Geek Out: “Batwoman” and “Batgirl” get gayer this month

June was a queer ol’ month for DC’s big two lady-led Bat-family titles: Batwoman #32 introduced a new recurring lesbian character in the form of Kate Kane’s former West Point girlfriend Sophie; and in Batgirl #32, Barbara Gordon’s bisexual, transgender roommate, Alysia Yeoh, got some lady-lovin’ action.


Let’s kick it off with Batwoman because the last time we talked about her, I was feeling pretty perpetually disappointed with direction the new creative team was taking the title. What I’ve decided is, I have to think of this new — less mature, less nuanced, less layered — version of Batwoman as a new book, instead of a continuation of Greg Rucka and J.H. Williams III‘s gold medal work. I like plenty of comic books aimed at teen readers. She-Hulk, for example, is one of my favorite series right now. And Spider-Man Loves Mary Jane was a big love of mine. So when I realign my expectations, I’m finding that I enjoy the Marc Andreyko‘s work much more.

batwoman-32-bAll photos courtesy of DC Comics

Batwoman #32 is actually a really good jumping-on point for new readers. Andreyko & Co.’s first full arc concluded last month, so we’re kicking off with a brand new villain and a brand new phase of Kate Kane’s personal life. The new villain is a gold-digging, husband-killing vampire named Nocturnal. The new personal life is … more complicated. (Hashtag lesbians, amirite?)

Maggie is out of town dealing with her ex-husband who wants sole custody of their daughter, something that’s putting a big strain on her relationship with Kate. Maggie doesn’t want Kate to be with her during the trial, which of course makes Kate feel like there’s something wrong with her, and Maggie doesn’t have the time (or desire?) to process her situation with her fiance. She checks in, briefly, and leaves Kate feeling left out. Things get even more weird for Kate when her ex-girlfriend from West Point shows up in Gotham (in her full uniform!) for a job at the Gotham Military Academy.

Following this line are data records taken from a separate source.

lemma continuous_selection_from_scales:
  fixes \<phi> :: "'a \<Rightarrow> 'b::metric_space set"
  assumes P: "paracompact_space X" and C: "C_space X"
    and nonempty: "\<forall>x\<in>topspace X. \<phi> x \<noteq> {}" and \<phi>: "rho_continuous X \<phi>"
    and a: "\<And>n. continuous_map X euclideanreal (a n)" and b: "\<And>n. continuous_map X euclideanreal (b n)"
    and ab: "\<And>n p. p \<in> topspace X \<Longrightarrow> 0 < b n p \<and> b n p \<le> a n p \<and> nbhd_contractible (\<phi> p) (b n p) (a n p)"
    and a_Suc: "\<And>n. a (Suc n) = (\<lambda>p. b n p / 4)"
  shows "\<exists>f. continuous_map X euclidean f \<and> (\<forall>p\<in>topspace X. f p \<in> Onbhd (2 * a 0 p) (\<phi> p))"
proof -
  define near where "near n y p \<longleftrightarrow> \<phi> y \<subseteq> Onbhd (b n y / 4) (\<phi> p) \<and> \<phi> p \<subseteq> Onbhd (b n y / 4) (\<phi> y) \<and>
    3/4 * a n y < a n p \<and> b n p < 3/2 * b n y" for n y p
  have near_nbhd: "\<exists>N. openin X N \<and> x \<in> N \<and> (\<forall>p\<in>N. near n x p)"
    if x: "x \<in> topspace X" for n x
  proof -
    have pos: "0 < b n x" "0 < a n x"
      using ab[OF x, of n] by auto
    then have "0 < b n x / 4"
      by simp
    from \<phi>[unfolded rho_continuous_def, rule_format, OF this x] obtain V where V: "openin X V" "x \<in> V"
      "\<forall>p\<in>V. \<phi> x \<subseteq> Onbhd (b n x / 4) (\<phi> p) \<and> \<phi> p \<subseteq> Onbhd (b n x / 4) (\<phi> x)"
      by blast
    define N where "N = V \<inter> {p \<in> topspace X. a n p \<in> {3/4 * a n x <..}} \<inter> {p \<in> topspace X. b n p \<in> {..< 3/2 * b n x}}"
    have "openin X N"
      unfolding N_def
      by (intro openin_Int V(1) openin_continuous_map_preimage[OF a] openin_continuous_map_preimage[OF b]) simp_all
    moreover have "x \<in> N"
      unfolding N_def using V(2) x pos by auto
    moreover have "\<forall>p\<in>N. near n x p"
      unfolding N_def near_def using V(3) by auto
    ultimately show ?thesis
      by blast
  qed
  obtain W z where W: "\<And>n. openin X (W n)" "topspace X \<subseteq> (\<Union>n. W n)"
    and z: "\<And>n p. p \<in> W n \<Longrightarrow> z n p \<in> topspace X \<and> near n (z n p) p"
    and z_const: "\<And>n x. x \<in> W n \<Longrightarrow> \<exists>M. openin X M \<and> x \<in> M \<and> M \<subseteq> W n \<and> z n constant_on M"
    using C_space_locally_constant_centres[where R = near, OF C near_nbhd] by blast
  obtain \<kappa> :: "nat \<Rightarrow> 'a \<Rightarrow> real" where
    \<kappa>: "\<And>n. n \<in> UNIV \<Longrightarrow> continuous_map X euclideanreal (\<kappa> n)"
      "\<And>n x. 0 \<le> \<kappa> n x" "\<And>n x. \<kappa> n x \<le> 1"
      "\<And>n x. \<lbrakk>n \<in> UNIV; x \<in> topspace X; x \<notin> W n\<rbrakk> \<Longrightarrow> \<exists>N. openin X N \<and> x \<in> N \<and> (\<forall>p\<in>N. \<kappa> n p = 0)"
      "\<And>x. x \<in> topspace X \<Longrightarrow> \<exists>n\<in>UNIV. \<exists>N. openin X N \<and> x \<in> N \<and> (\<forall>p\<in>N. \<kappa> n p = 1)"
      "\<And>x. x \<in> topspace X \<Longrightarrow> \<exists>N. openin X N \<and> x \<in> N \<and> finite {n\<in>UNIV. \<exists>p\<in>N. \<kappa> n p \<noteq> 0}"
    using paracompact_bump_functions[OF P W(1) W(2)] by blast
  define H where "H n y = (SOME h. contracts_within (Onbhd (b n y) (\<phi> y)) (Onbhd (a n y) (\<phi> y)) h)" for n y
  have H: "contracts_within (Onbhd (b n y) (\<phi> y)) (Onbhd (a n y) (\<phi> y)) (H n y)" if "y \<in> topspace X" for n y
  proof -
    have "\<exists>h. contracts_within (Onbhd (b n y) (\<phi> y)) (Onbhd (a n y) (\<phi> y)) h"
      using ab[OF that, of n] unfolding nbhd_contractible_def by blast
    then show ?thesis
      unfolding H_def by (rule someI_ex)
  qed
  have D: "Onbhd (b k p / 2) (\<phi> p) \<subseteq> Onbhd (b k (z k p)) (\<phi> (z k p))"
    and S: "Onbhd (a k (z k p)) (\<phi> (z k p)) \<subseteq> Onbhd (2 * a k p) (\<phi> p)" if "p \<in> W k" for k p
    using Onbhd_near_centre[of "\<phi> (z k p)" "b k (z k p)" "\<phi> p" "a k (z k p)" "a k p" "b k p"]
      z[OF that] ab[of "z k p" k] unfolding near_def by auto
  interpret telescoping_homotopies X "\<lambda>k p. Onbhd (2 * a k p) (\<phi> p)" W \<kappa>
    "\<lambda>k p. Onbhd (b k (z k p)) (\<phi> (z k p))" "\<lambda>k p. H k (z k p)"
  proof
    fix p k assume p: "p \<in> topspace X"
    show "Onbhd (2 * a k p) (\<phi> p) \<noteq> {}"
      using nonempty p ab[OF p, of k] subset_Onbhd_self[of "2 * a k p" "\<phi> p"] by auto
    show "Onbhd (2 * a (Suc k) p) (\<phi> p) \<subseteq> Onbhd (2 * a k p) (\<phi> p)"
      using ab[OF p, of k] a_Suc by (intro Onbhd_mono) simp
  next
    fix p k assume p: "p \<in> W k"
    show "Onbhd (2 * a (Suc k) p) (\<phi> p) \<subseteq> Onbhd (b k (z k p)) (\<phi> (z k p))"
      using D[OF p] a_Suc by simp
    show "contracts_within (Onbhd (b k (z k p)) (\<phi> (z k p))) (Onbhd (2 * a k p) (\<phi> p)) (H k (z k p))"
      using z[OF p] by (intro contracts_within_mono[OF H order_refl S[OF p]]) blast
  next
    fix x k assume "x \<in> W k"
    then obtain M where "openin X M" "x \<in> M" "M \<subseteq> W k" "z k constant_on M"
      using z_const by blast
    then show "\<exists>M. openin X M \<and> x \<in> M \<and> M \<subseteq> W k \<and>
        (\<lambda>p. H k (z k p)) constant_on M \<and> (\<lambda>p. Onbhd (b k (z k p)) (\<phi> (z k p))) constant_on M"
      using constant_on_compose[of "z k" M "H k"] constant_on_compose[of "z k" M "\<lambda>y. Onbhd (b k y) (\<phi> y)"]
      unfolding o_def by blast
  next
    show "continuous_map X euclideanreal (\<kappa> k)" "0 \<le> \<kappa> k p" "\<kappa> k p \<le> 1" for k p
      using \<kappa>(1-3) by blast+
    show "\<exists>N. openin X N \<and> x \<in> N \<and> (\<forall>p\<in>N. \<kappa> k p = 0)" if "x \<in> topspace X" "x \<notin> W k" for x k
      using \<kappa>(4) that by blast
    show "\<exists>n N. openin X N \<and> x \<in> N \<and> (\<forall>p\<in>N. \<kappa> n p = 1)" if "x \<in> topspace X" for x
      using \<kappa>(5)[OF that] by blast
  qed
  show ?thesis
    by (intro exI[of _ selection] conjI ballI continuous_selection selection_mem_S0)
qed
(* Let $c>0$. There exist constants $T_0>0$ and $r_0>0$ depending only on $c$ such that for all $T\ge T_0$ and all integers $\ell\ge1$, $$F_{T-r_0,c,\ell}\setminus C_\ell\ \subseteq\ E_{T,c}\setminus C_0\ \subseteq\ F_{T+r_0,c}.$$
   Context: $\mathcal C=\{x\in\mathbb R^{n+2}: x_1^2+\dots+x_{n+1}^2=x_{n+2}^2,\ x_{n+2}>0\}$, $n\ge1$. For $T,c>0$: $E_{T,c}=\{x\in\mathcal C:2x_{n+2}(x_{n+2}-x_{n+1})<c^2,\ 1\le x_{n+2}<\cosh T\}$; $F_{T,c}=\{x\in\mathcal C:x_{n+2}^2-x_{n+1}^2<c^2,\ c\le x_{n+2}+x_{n+1}<ce^T\}$; for integers $\ell\ge1$, $c_\ell=c\,(\ell/(\ell+1))^{1/2}$ and $F_{T,c,\ell}=\{x\in\mathcal C:x_{n+2}^2-x_{n+1}^2<c_\ell^2,\ c\le x_{n+2}+x_{n+1}<ce^T\}$; $C_0=\{x\in\mathcal C:x_{n+2}\le \tfrac{c^2+c}2+1\}$ and $C_\ell=\{x\in\mathcal C:|x_{n+1}|/x_{n+2}\le \ell/(\ell+1)\}\cup C_0$. *)

theory Defs
  imports "HOL-Analysis.Analysis"
begin

text \<open>Points of R^(n+2) are represented as functions nat => real with coordinates
  x 1, ..., x (n+2) and all other coordinates equal to 0.\<close>

definition light_cone :: "nat \<Rightarrow> (nat \<Rightarrow> real) set" where
  "light_cone n = {x. (\<forall>i. i \<notin> {1..n+2} \<longrightarrow> x i = 0) \<and>
      (\<Sum>i=1..n+1. (x i)^2) = (x (n+2))^2 \<and> x (n+2) > 0}"

definition E_set :: "nat \<Rightarrow> real \<Rightarrow> real \<Rightarrow> (nat \<Rightarrow> real) set" where
  "E_set n T c = {x \<in> light_cone n. 2 * x (n+2) * (x (n+2) - x (n+1)) < c^2 \<and>
      1 \<le> x (n+2) \<and> x (n+2) < cosh T}"

definition F_set :: "nat \<Rightarrow> real \<Rightarrow> real \<Rightarrow> (nat \<Rightarrow> real) set" where
  "F_set n T c = {x \<in> light_cone n. (x (n+2))^2 - (x (n+1))^2 < c^2 \<and>
      c \<le> x (n+2) + x (n+1) \<and> x (n+2) + x (n+1) < c * exp T}"

definition c_ell :: "real \<Rightarrow> nat \<Rightarrow> real" where
  "c_ell c l = c * sqrt (real l / (real l + 1))"

definition F_ell_set :: "nat \<Rightarrow> real \<Rightarrow> real \<Rightarrow> nat \<Rightarrow> (nat \<Rightarrow> real) set" where
  "F_ell_set n T c l = {x \<in> light_cone n. (x (n+2))^2 - (x (n+1))^2 < (c_ell c l)^2 \<and>
      c \<le> x (n+2) + x (n+1) \<and> x (n+2) + x (n+1) < c * exp T}"

definition C0_set :: "nat \<Rightarrow> real \<Rightarrow> (nat \<Rightarrow> real) set" where
  "C0_set n c = {x \<in> light_cone n. x (n+2) \<le> (c^2 + c) / 2 + 1}"

definition C_ell_set :: "nat \<Rightarrow> real \<Rightarrow> nat \<Rightarrow> (nat \<Rightarrow> real) set" where
  "C_ell_set n c l = {x \<in> light_cone n. \<bar>x (n+1)\<bar> / x (n+2) \<le> real l / (real l + 1)}
      \<union> C0_set n c"

end

theory Submission
  imports Defs
begin

text \<open>In the coordinates \<open>t = x(n+2)\<close>, \<open>s = x(n+1)\<close>, \<open>u = t + s\<close>, \<open>v = t - s \<ge> 0\<close> one has
  \<open>t\<^sup>2 - s\<^sup>2 = u v\<close> and \<open>2 t (t - s) = u v + v\<^sup>2\<close>. Off \<open>C\<^sub>0\<close> the point is far out, so \<open>v\<close> is small
  and \<open>u \<approx> 2t\<close>; the conditions defining \<open>E\<close> and \<open>F\<close> then differ only by the term \<open>v\<^sup>2\<close> and by
  the comparison of \<open>2 cosh T\<close> with \<open>e\<^sup>T\<close>, which a bounded shift \<open>r\<^sub>0\<close> of \<open>T\<close> absorbs.
  Off \<open>C\<^sub>\<ell>\<close> one has moreover \<open>(2\<ell>+1) v < u\<close>, so \<open>u v + v\<^sup>2 < u v (2\<ell>+2)/(2\<ell>+1)\<close>, and
  the smaller constant \<open>c\<^sub>\<ell>\<^sup>2 = c\<^sup>2 \<ell>/(\<ell>+1)\<close> brings this below \<open>c\<^sup>2 2\<ell>/(2\<ell>+1) < c\<^sup>2\<close>.\<close>

lemma light_cone_abs_coord_le:
  assumes "x \<in> light_cone n"
  shows "\<bar>x (n+1)\<bar> \<le> x (n+2)"
proof -
  have "(x (n+1))^2 \<le> (\<Sum>i=1..n+1. (x i)^2)"
    by (rule member_le_sum) auto
  also have "\<dots> = (x (n+2))^2"
    using assms by (simp add: light_cone_def)
  finally show ?thesis
    using assms abs_le_square_iff[of "x (n+1)" "x (n+2)"] by (simp add: light_cone_def)
qed

lemma two_mul_diff_lt_of_ratio_gt:
  fixes t s L c :: real
  assumes "0 \<le> L" "s \<le> t" "L * t < (L + 1) * s" "t^2 - s^2 < c^2 * (L / (L + 1))"
  shows "2 * t * (t - s) < c^2"
proof -
  define u where "u = t + s"
  define v where "v = t - s"
  have "v \<ge> 0" using assms(2) by (simp add: v_def)
  have uv: "u * v = t^2 - s^2" by (simp add: u_def v_def power2_eq_square algebra_simps)
  have ratio: "(2*L + 1) * v < u" using assms(3) by (simp add: u_def v_def algebra_simps)
  have "(2*L + 1) * (2 * t * v) = (2*L + 1) * (u * v) + ((2*L + 1) * v) * v"
    by (simp add: u_def v_def algebra_simps)
  also have "\<dots> \<le> (2*L + 1) * (u * v) + u * v"
    using ratio \<open>v \<ge> 0\<close> by (intro add_left_mono mult_right_mono) auto
  also have "\<dots> = (2*L + 2) * (u * v)" by (simp add: algebra_simps)
  also have "\<dots> < (2*L + 2) * (c^2 * (L / (L + 1)))"
    using uv assms(1,4) by (intro mult_strict_left_mono) auto
  also have "\<dots> = 2 * L * c^2" using assms(1) by (simp add: field_simps)
  also have "\<dots> \<le> (2*L + 1) * c^2" by (simp add: algebra_simps)
  finally have "(2*L + 1) * (2 * t * v) < (2*L + 1) * c^2" .
  then show ?thesis using assms(1) by (simp add: v_def mult_less_cancel_left_pos)
qed

lemma E_minus_C0_subset_F:
  fixes c r T :: real
  assumes "c > 0" "2 \<le> c * exp r" "T \<ge> 0"
  shows "E_set n T c - C0_set n c \<subseteq> F_set n (T + r) c"
proof
  fix x assume x: "x \<in> E_set n T c - C0_set n c"
  define t where "t = x (n+2)"
  define s where "s = x (n+1)"
  have cone: "x \<in> light_cone n" using x by (simp add: E_set_def)
  have "\<bar>s\<bar> \<le> t" using light_cone_abs_coord_le[OF cone] by (simp add: s_def t_def)
  have E: "2 * t * (t - s) < c^2" "t < cosh T"
    using x by (simp_all add: E_set_def t_def s_def)
  have "\<not> t \<le> (c^2 + c) / 2 + 1" using x cone by (simp add: C0_set_def t_def)
  then have far: "c^2 + c + 2 < 2 * t" by (simp add: not_le field_simps)
  have "t^2 - s^2 = (t + s) * (t - s)" by (simp add: power2_eq_square algebra_simps)
  also have "\<dots> \<le> 2 * t * (t - s)" using \<open>\<bar>s\<bar> \<le> t\<close> by (intro mult_right_mono) auto
  finally have "t^2 - s^2 < c^2" using E(1) by linarith
  moreover have "c \<le> t + s"
  proof -
    have "0 < 2 * t" using far \<open>c > 0\<close> zero_le_power2[of c] by linarith
    moreover have "2 * t * (t - s) < 2 * t * 1" using E(1) far \<open>c > 0\<close> by simp
    ultimately have "t - s < 1" using mult_less_cancel_left_pos by blast
    then show ?thesis using far \<open>c > 0\<close> zero_le_power2[of c] by linarith
  qed
  moreover have "t + s < c * exp (T + r)"
  proof -
    have "2 * cosh T \<le> 2 * exp T" using \<open>T \<ge> 0\<close> by (simp add: cosh_def)
    also have "\<dots> \<le> c * exp r * exp T" using assms(2) by (intro mult_right_mono) auto
    finally show ?thesis using \<open>\<bar>s\<bar> \<le> t\<close> E(2) by (simp add: exp_add mult_ac)
  qed
  ultimately show "x \<in> F_set n (T + r) c" using cone by (simp add: F_set_def t_def s_def)
qed

lemma F_ell_minus_C_ell_subset_E_minus_C0:
  fixes c r T :: real
  assumes "c > 0" "l \<ge> 1" "c * exp (-r) \<le> 1/2" "2 * c \<le> exp T"
  shows "F_ell_set n (T - r) c l - C_ell_set n c l \<subseteq> E_set n T c - C0_set n c"
proof
  fix x assume x: "x \<in> F_ell_set n (T - r) c l - C_ell_set n c l"
  define t where "t = x (n+2)"
  define s where "s = x (n+1)"
  define L where "L = real l"
  have cone: "x \<in> light_cone n" using x by (simp add: F_ell_set_def)
  have "\<bar>s\<bar> \<le> t" "t > 0"
    using light_cone_abs_coord_le[OF cone] cone by (auto simp: s_def t_def light_cone_def)
  have "L \<ge> 1" using assms(2) by (simp add: L_def)
  have "(c_ell c l)^2 = c^2 * (L / (L + 1))" by (simp add: c_ell_def L_def power_mult_distrib)
  then have F: "t^2 - s^2 < c^2 * (L / (L + 1))" "c \<le> t + s" "t + s < c * exp (T - r)"
    using x by (simp_all add: F_ell_set_def t_def s_def)
  have "\<not> \<bar>s\<bar> / t \<le> L / (L + 1)" "\<not> t \<le> (c^2 + c) / 2 + 1"
    using x cone by (simp_all add: C_ell_set_def C0_set_def t_def s_def L_def)
  then have off_C: "L * t < (L + 1) * \<bar>s\<bar>" and far: "c^2 + c + 2 < 2 * t"
    using \<open>t > 0\<close> \<open>L \<ge> 1\<close> by (simp_all add: not_le field_simps)
  have "c^2 * (L / (L + 1)) \<le> c^2 * 1" using \<open>L \<ge> 1\<close> by (intro mult_left_mono) auto
  with F(1) have "(t + s) * (t - s) < c^2" by (simp add: power2_eq_square algebra_simps)
  have "s \<ge> 0"
  proof (rule ccontr)
    assume "\<not> s \<ge> 0"
    then have "c * c \<le> (t + s) * (t - s)" using F(2) \<open>c > 0\<close> by (intro mult_mono) auto
    with \<open>(t + s) * (t - s) < c^2\<close> show False by (simp add: power2_eq_square)
  qed
  then have "2 * t * (t - s) < c^2"
    using \<open>L \<ge> 1\<close> \<open>\<bar>s\<bar> \<le> t\<close> off_C by (intro two_mul_diff_lt_of_ratio_gt[OF _ _ _ F(1)]) auto
  moreover have "t < cosh T"
  proof -
    have "c * (t - s) \<le> (t + s) * (t - s)" using F(2) \<open>\<bar>s\<bar> \<le> t\<close> by (intro mult_right_mono) auto
    with \<open>(t + s) * (t - s) < c^2\<close> have "c * (t - s) < c * c" by (simp add: power2_eq_square)
    then have "t - s < c" using \<open>c > 0\<close> by (simp add: mult_less_cancel_left_pos)
    moreover have "c * exp (T - r) \<le> exp T / 2"
      using mult_right_mono[OF assms(3), of "exp T"] by (simp add: exp_diff exp_minus field_simps)
    ultimately have "t < exp T / 2" using F(3) assms(4) by linarith
    then show ?thesis using cosh_plus_sinh[of T] cosh_minus_sinh[of T] exp_gt_zero[of "-T"] by linarith
  qed
  moreover have "1 \<le> t" using far \<open>c > 0\<close> zero_le_power2[of c] by linarith
  ultimately show "x \<in> E_set n T c - C0_set n c"
    using cone far by (simp add: E_set_def C0_set_def t_def s_def field_simps)
qed

theorem lemma2p1:
  fixes c :: real
  assumes "c > 0"
  shows "\<exists>T0 r0. T0 > 0 \<and> r0 > 0 \<and>
    (\<forall>n::nat. n \<ge> 1 \<longrightarrow> (\<forall>T. T \<ge> T0 \<longrightarrow> (\<forall>l::nat. l \<ge> 1 \<longrightarrow>
      F_ell_set n (T - r0) c l - C_ell_set n c l \<subseteq> E_set n T c - C0_set n c \<and>
      E_set n T c - C0_set n c \<subseteq> F_set n (T + r0) c)))"
proof (intro exI conjI allI impI)
  define r0 where "r0 = 2 * c + 2 / c"
  show "2 * c > 0" "r0 > 0" using assms by (simp_all add: r0_def add_pos_pos)
  have "r0 < exp r0" using exp_ge_add_one_self[of r0] by linarith
  moreover have "0 < 2 / c" using assms by simp
  ultimately have "2 * c \<le> exp r0" "2 / c \<le> exp r0" using assms unfolding r0_def by linarith+
  then have r0_large: "2 \<le> c * exp r0" "c * exp (-r0) \<le> 1/2"
    using assms by (simp_all add: exp_minus field_simps)
  fix n :: nat and T :: real and l :: nat
  assume "T \<ge> 2 * c" "l \<ge> 1"
  then have "2 * c \<le> exp T" "T \<ge> 0" using exp_ge_add_one_self[of T] assms by linarith+
  then show "F_ell_set n (T - r0) c l - C_ell_set n c l \<subseteq> E_set n T c - C0_set n c"
    "E_set n T c - C0_set n c \<subseteq> F_set n (T + r0) c"
    using F_ell_minus_C_ell_subset_E_minus_C0 E_minus_C0_subset_F assms r0_large \<open>l \<ge> 1\<close> by auto
qed

end
definition Ffun :: "bool list \<Rightarrow> seq \<Rightarrow> seq" where
  "Ffun \<nu> \<sigma> = (\<lambda>x. \<sigma> x \<noteq> nuval \<nu> x)"

definition Rrel :: "bool list \<Rightarrow> seq \<Rightarrow> bool" where
  "Rrel \<nu> \<sigma> = (\<forall>i < length \<nu>. \<sigma> i = \<nu> ! i)"

text \<open>Universe of the substructure of S generated by a constant c
  (closure of c under all F_nu; S has no other functions).\<close>
inductive_set gen :: "seq \<Rightarrow> seq set" for c :: seq where
  base: "c \<in> gen c"
| step: "\<sigma> \<in> gen c \<Longrightarrow> Ffun \<nu> \<sigma> \<in> gen c"

definition zero_seq :: seq where "zero_seq = (\<lambda>_. False)"
definition one_seq :: seq where "one_seq = (\<lambda>_. True)"

datatype rsym = WRel | RRel "bool list" | GRel "bool list" | NRel | ORel

fun arity :: "rsym \<Rightarrow> nat" where
  "arity WRel = 1"
| "arity (RRel _) = 1"
| "arity (GRel _) = 2"
| "arity NRel = 2"
| "arity ORel = 3"

type_synonym struc = "rsym \<Rightarrow> nat list \<Rightarrow> bool"

datatype fm = Atom rsym "nat list" | Eq nat nat | Neg fm | Conj fm fm | Ex nat fm

fun sat :: "struc \<Rightarrow> (nat \<Rightarrow> nat) \<Rightarrow> fm \<Rightarrow> bool" where
  "sat M e (Atom r xs) = M r (map e xs)"
| "sat M e (Eq i j) = (e i = e j)"
| "sat M e (Neg \<phi>) = (\<not> sat M e \<phi>)"
| "sat M e (Conj \<phi> \<psi>) = (sat M e \<phi> \<and> sat M e \<psi>)"
| "sat M e (Ex i \<phi>) = (\<exists>x. sat M (e(i := x)) \<phi>)"

definition elem_emb :: "struc \<Rightarrow> struc \<Rightarrow> (nat \<Rightarrow> nat) \<Rightarrow> bool" where
  "elem_emb M N h = (\<forall>\<phi> e. sat M e \<phi> = sat N (h \<circ> e) \<phi>)"

definition elem_embeddable :: "struc \<Rightarrow> struc \<Rightarrow> bool" where
  "elem_embeddable M N = (\<exists>h. elem_emb M N h)"

definition is_graph :: "(nat \<Rightarrow> nat \<Rightarrow> bool) \<Rightarrow> bool" where
  "is_graph E = ((\<forall>m n. E m n \<longrightarrow> E n m) \<and> (\<forall>m. \<not> E m m))"

definition graph_embeds :: "(nat \<Rightarrow> nat \<Rightarrow> bool) \<Rightarrow> (nat \<Rightarrow> nat \<Rightarrow> bool) \<Rightarrow> bool" where
  "graph_embeds E E' = (\<exists>g. inj g \<and> (\<forall>m n. E m n = E' (g m) (g n)))"

definition good_params ::
  "(nat \<Rightarrow> nat set) \<Rightarrow> (nat \<Rightarrow> nat) \<Rightarrow> (nat \<Rightarrow> nat \<Rightarrow> nat)
   \<Rightarrow> (nat \<Rightarrow> nat \<Rightarrow> seq) \<Rightarrow> (nat \<Rightarrow> nat \<Rightarrow> seq) \<Rightarrow> bool" where
  "good_params A a pr c0 c1 =
     ((\<forall>i. infinite (A i) \<and> infinite (- A i))
      \<and> (\<forall>i j. i \<noteq> j \<longrightarrow> A i \<inter> A j = {})
      \<and> (\<Union>i. A i) = UNIV
      \<and> bij_betw a UNIV (A 0)
      \<and> bij (\<lambda>(m, n). pr m n)
      \<and> (\<forall>k. bij_betw (c0 k) (A k) (gen zero_seq))
      \<and> (\<forall>k. bij_betw (c1 k) (A k) (gen one_seq)))"

definition cp :: "(nat \<Rightarrow> nat \<Rightarrow> nat) \<Rightarrow> (nat \<Rightarrow> nat \<Rightarrow> seq) \<Rightarrow> (nat \<Rightarrow> nat \<Rightarrow> seq)
   \<Rightarrow> (nat \<Rightarrow> nat \<Rightarrow> bool) \<Rightarrow> nat \<Rightarrow> nat \<Rightarrow> nat \<Rightarrow> seq" where
  "cp pr c0 c1 E m n = (if E m n then c0 (pr m n + 1) else c1 (pr m n + 1))"

fun fG :: "(nat \<Rightarrow> nat set) \<Rightarrow> (nat \<Rightarrow> nat) \<Rightarrow> (nat \<Rightarrow> nat \<Rightarrow> nat)
   \<Rightarrow> (nat \<Rightarrow> nat \<Rightarrow> seq) \<Rightarrow> (nat \<Rightarrow> nat \<Rightarrow> seq) \<Rightarrow> (nat \<Rightarrow> nat \<Rightarrow> bool) \<Rightarrow> struc" where
  "fG A a pr c0 c1 E WRel xs =
     (\<exists>x. xs = [x] \<and> x \<in> A 0)"
| "fG A a pr c0 c1 E (RRel \<nu>) xs =
     (\<exists>x m n. xs = [x] \<and> x \<in> A (pr m n + 1) \<and> Rrel \<nu> (cp pr c0 c1 E m n x))"
| "fG A a pr c0 c1 E (GRel \<nu>) xs =
     (\<exists>x y m n. xs = [x, y] \<and> x \<in> A (pr m n + 1) \<and> y \<in> A (pr m n + 1)
        \<and> Ffun \<nu> (cp pr c0 c1 E m n x) = cp pr c0 c1 E m n y)"
| "fG A a pr c0 c1 E NRel xs =
     (\<exists>i j y. xs = [a i, y] \<and> y \<in> A (pr i j + 1))"
| "fG A a pr c0 c1 E ORel xs =
     (\<exists>m n z. xs = [a m, a n, z] \<and> z \<in> A (pr m n + 1))"

end

theory Submission
  imports Defs "HOL-Library.Infinite_Set"
begin

(* An element of f(G) is either a vertex a_i or a point of the copy of S_0 or S_1 over an ordered
   pair (m, n), coded by its coordinate sigma in 2^omega; S_0 and S_1 are the sequences differing
   finitely from 0 resp. 1.  Flipping all bits of sigma from position L on maps S_0 onto S_1,
   commutes with every F_nu and leaves R_nu unchanged when |nu| <= L.

   Given a graph embedding g and a formula phi with an assignment, extend g to a permutation pi
   of the vertices agreeing with g on the finitely many vertices involved, and map f(G) onto
   f(H) by pi on vertices and copies, flipping beyond the maximal |nu| occurring in phi over
   the pairs whose edge status pi changes.  This is an isomorphism for the symbols of phi, and
   on the assignment it agrees with the lift of g itself, which is therefore elementary.

   Conversely, an elementary embedding h maps vertices to vertices (W), hence induces an
   injection g; it maps the copy over (m, n) into the copy over (g m, g n) (O) and preserves
   coordinates (all R_nu); as S_0 and S_1 are disjoint, E m n = E' (g m) (g n). *)

fun symbols :: "fm \<Rightarrow> rsym set" where
  "symbols (Atom r xs) = {r}"
| "symbols (Eq i j) = {}"
| "symbols (Neg \<phi>) = symbols \<phi>"
| "symbols (Conj \<phi> \<psi>) = symbols \<phi> \<union> symbols \<psi>"
| "symbols (Ex i \<phi>) = symbols \<phi>"

fun vars :: "fm \<Rightarrow> nat set" where
  "vars (Atom r xs) = set xs"
| "vars (Eq i j) = {i, j}"
| "vars (Neg \<phi>) = vars \<phi>"
| "vars (Conj \<phi> \<psi>) = vars \<phi> \<union> vars \<psi>"
| "vars (Ex i \<phi>) = insert i (vars \<phi>)"

lemma finite_symbols: "finite (symbols \<phi>)"
  by (induction \<phi>) auto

We don’t know Sophie, but we can tell by the way Bette says, “Oh. That Sophie” that there’s a whole lot of history there. Probably of the Don’t Ask, Don’t Tell variety. Kate is so thrown that she actually goes to her therapist without an appointment so he can exposit to us that she’s probably feeling unsettled about seeing an ex-girlfriend with whom she doesn’t have any closure, and also a little rageful that said ex-girlfriend stayed closeted and in the army and now has a life Kate could have had if she hadn’t come out as a lesbian.

Kate’s not much of a talker (and Andreyko’s never been accused of using his words too much), so Kate works out her frustration by donning the cape and cowl and heading out into the night to bust some heads.

The setup doesn’t feel completely organic, but it does pose a very timely, gay-specific internal dilemma for Kate to face down. It’s the first time I’ve been excited to see what happens in the next issue in a long time!


I confess there was a moment in this month’s Batgirl when I thought she was going to come out as bisexual, but it turns out she just had a really, really intense emotional relationship with her college roommate. I actually can’t say much more than that without spoiling the issue/the entire series arc, so let’s just leave it as “friends.” What I really want to talk about is that Alysia Yeoh finally got her some this month.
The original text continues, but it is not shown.